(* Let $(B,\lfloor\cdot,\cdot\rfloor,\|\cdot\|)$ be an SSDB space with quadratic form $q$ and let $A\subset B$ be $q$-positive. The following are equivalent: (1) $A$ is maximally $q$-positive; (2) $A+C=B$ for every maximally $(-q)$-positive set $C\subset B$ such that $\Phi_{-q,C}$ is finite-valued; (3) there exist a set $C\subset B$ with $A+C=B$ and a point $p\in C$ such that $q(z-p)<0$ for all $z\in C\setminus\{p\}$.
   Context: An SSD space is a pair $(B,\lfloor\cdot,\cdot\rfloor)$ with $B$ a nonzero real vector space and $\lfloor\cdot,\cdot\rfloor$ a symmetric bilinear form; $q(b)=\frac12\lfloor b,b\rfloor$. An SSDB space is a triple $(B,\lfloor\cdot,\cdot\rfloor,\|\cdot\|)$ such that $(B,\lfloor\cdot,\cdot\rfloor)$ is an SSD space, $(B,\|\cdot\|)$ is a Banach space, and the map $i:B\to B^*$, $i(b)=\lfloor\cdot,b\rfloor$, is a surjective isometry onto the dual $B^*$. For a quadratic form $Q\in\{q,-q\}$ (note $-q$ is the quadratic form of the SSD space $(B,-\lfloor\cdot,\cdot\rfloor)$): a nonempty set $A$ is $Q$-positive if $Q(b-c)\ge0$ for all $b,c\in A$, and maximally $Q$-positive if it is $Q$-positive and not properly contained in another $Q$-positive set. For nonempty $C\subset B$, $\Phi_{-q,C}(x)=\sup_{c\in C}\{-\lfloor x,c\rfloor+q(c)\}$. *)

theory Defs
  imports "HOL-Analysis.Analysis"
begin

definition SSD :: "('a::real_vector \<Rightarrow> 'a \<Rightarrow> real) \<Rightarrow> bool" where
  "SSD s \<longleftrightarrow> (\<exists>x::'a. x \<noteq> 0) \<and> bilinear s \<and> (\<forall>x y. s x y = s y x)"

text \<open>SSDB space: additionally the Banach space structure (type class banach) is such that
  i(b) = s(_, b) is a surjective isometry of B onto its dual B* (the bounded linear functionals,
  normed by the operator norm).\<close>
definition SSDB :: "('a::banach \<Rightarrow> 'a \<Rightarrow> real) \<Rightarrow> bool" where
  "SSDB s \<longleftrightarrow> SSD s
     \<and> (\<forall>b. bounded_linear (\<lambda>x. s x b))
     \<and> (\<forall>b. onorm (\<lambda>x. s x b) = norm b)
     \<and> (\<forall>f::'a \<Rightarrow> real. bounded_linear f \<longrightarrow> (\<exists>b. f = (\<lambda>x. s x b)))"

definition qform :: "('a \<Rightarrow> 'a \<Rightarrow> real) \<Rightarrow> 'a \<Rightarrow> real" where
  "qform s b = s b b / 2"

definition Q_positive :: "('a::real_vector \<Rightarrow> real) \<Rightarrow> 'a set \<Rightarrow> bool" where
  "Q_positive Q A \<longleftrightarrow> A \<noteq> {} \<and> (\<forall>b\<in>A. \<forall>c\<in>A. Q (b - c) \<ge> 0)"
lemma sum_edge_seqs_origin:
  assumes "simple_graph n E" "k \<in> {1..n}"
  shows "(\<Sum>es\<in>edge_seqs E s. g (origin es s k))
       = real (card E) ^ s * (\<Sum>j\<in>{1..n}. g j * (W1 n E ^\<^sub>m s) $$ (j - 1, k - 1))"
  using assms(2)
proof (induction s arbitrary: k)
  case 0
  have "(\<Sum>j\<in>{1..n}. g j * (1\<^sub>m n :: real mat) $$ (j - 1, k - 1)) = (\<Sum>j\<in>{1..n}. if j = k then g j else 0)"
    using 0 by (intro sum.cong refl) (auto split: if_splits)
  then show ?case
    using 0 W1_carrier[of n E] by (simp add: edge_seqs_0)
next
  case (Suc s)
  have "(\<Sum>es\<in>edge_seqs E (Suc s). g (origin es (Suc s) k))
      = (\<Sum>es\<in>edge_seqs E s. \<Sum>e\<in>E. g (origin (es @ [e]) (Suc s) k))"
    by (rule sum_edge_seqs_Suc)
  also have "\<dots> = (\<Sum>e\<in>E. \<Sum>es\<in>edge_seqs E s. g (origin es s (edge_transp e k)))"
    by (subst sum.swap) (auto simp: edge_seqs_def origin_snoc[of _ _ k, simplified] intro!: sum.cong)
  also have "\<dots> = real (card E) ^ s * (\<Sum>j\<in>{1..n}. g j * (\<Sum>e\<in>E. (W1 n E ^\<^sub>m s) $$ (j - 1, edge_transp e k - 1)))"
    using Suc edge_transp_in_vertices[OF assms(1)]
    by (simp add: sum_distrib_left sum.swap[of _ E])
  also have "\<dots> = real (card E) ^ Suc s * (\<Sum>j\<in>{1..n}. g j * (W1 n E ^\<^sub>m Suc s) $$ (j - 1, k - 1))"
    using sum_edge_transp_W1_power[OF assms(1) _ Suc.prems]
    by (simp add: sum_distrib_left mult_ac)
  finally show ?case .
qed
....
- [EXERCISE GOAL]:
Of all the entries above, retype exactly the lines from the line with "case (Suc s)" to the line with "using Suc edge_transp_in_vertices[OF", both included, and no others.

- [OUTPUT]:
  case (Suc s)
  have "(\<Sum>es\<in>edge_seqs E (Suc s). g (origin es (Suc s) k))
      = (\<Sum>es\<in>edge_seqs E s. \<Sum>e\<in>E. g (origin (es @ [e]) (Suc s) k))"
    by (rule sum_edge_seqs_Suc)
  also have "\<dots> = (\<Sum>e\<in>E. \<Sum>es\<in>edge_seqs E s. g (origin es s (edge_transp e k)))"
    by (subst sum.swap) (auto simp: edge_seqs_def origin_snoc[of _ _ k, simplified] intro!: sum.cong)
  also have "\<dots> = real (card E) ^ s * (\<Sum>j\<in>{1..n}. g j * (\<Sum>e\<in>E. (W1 n E ^\<^sub>m s) $$ (j - 1, edge_transp e k - 1)))"
    using Suc edge_transp_in_vertices[OF assms(1)]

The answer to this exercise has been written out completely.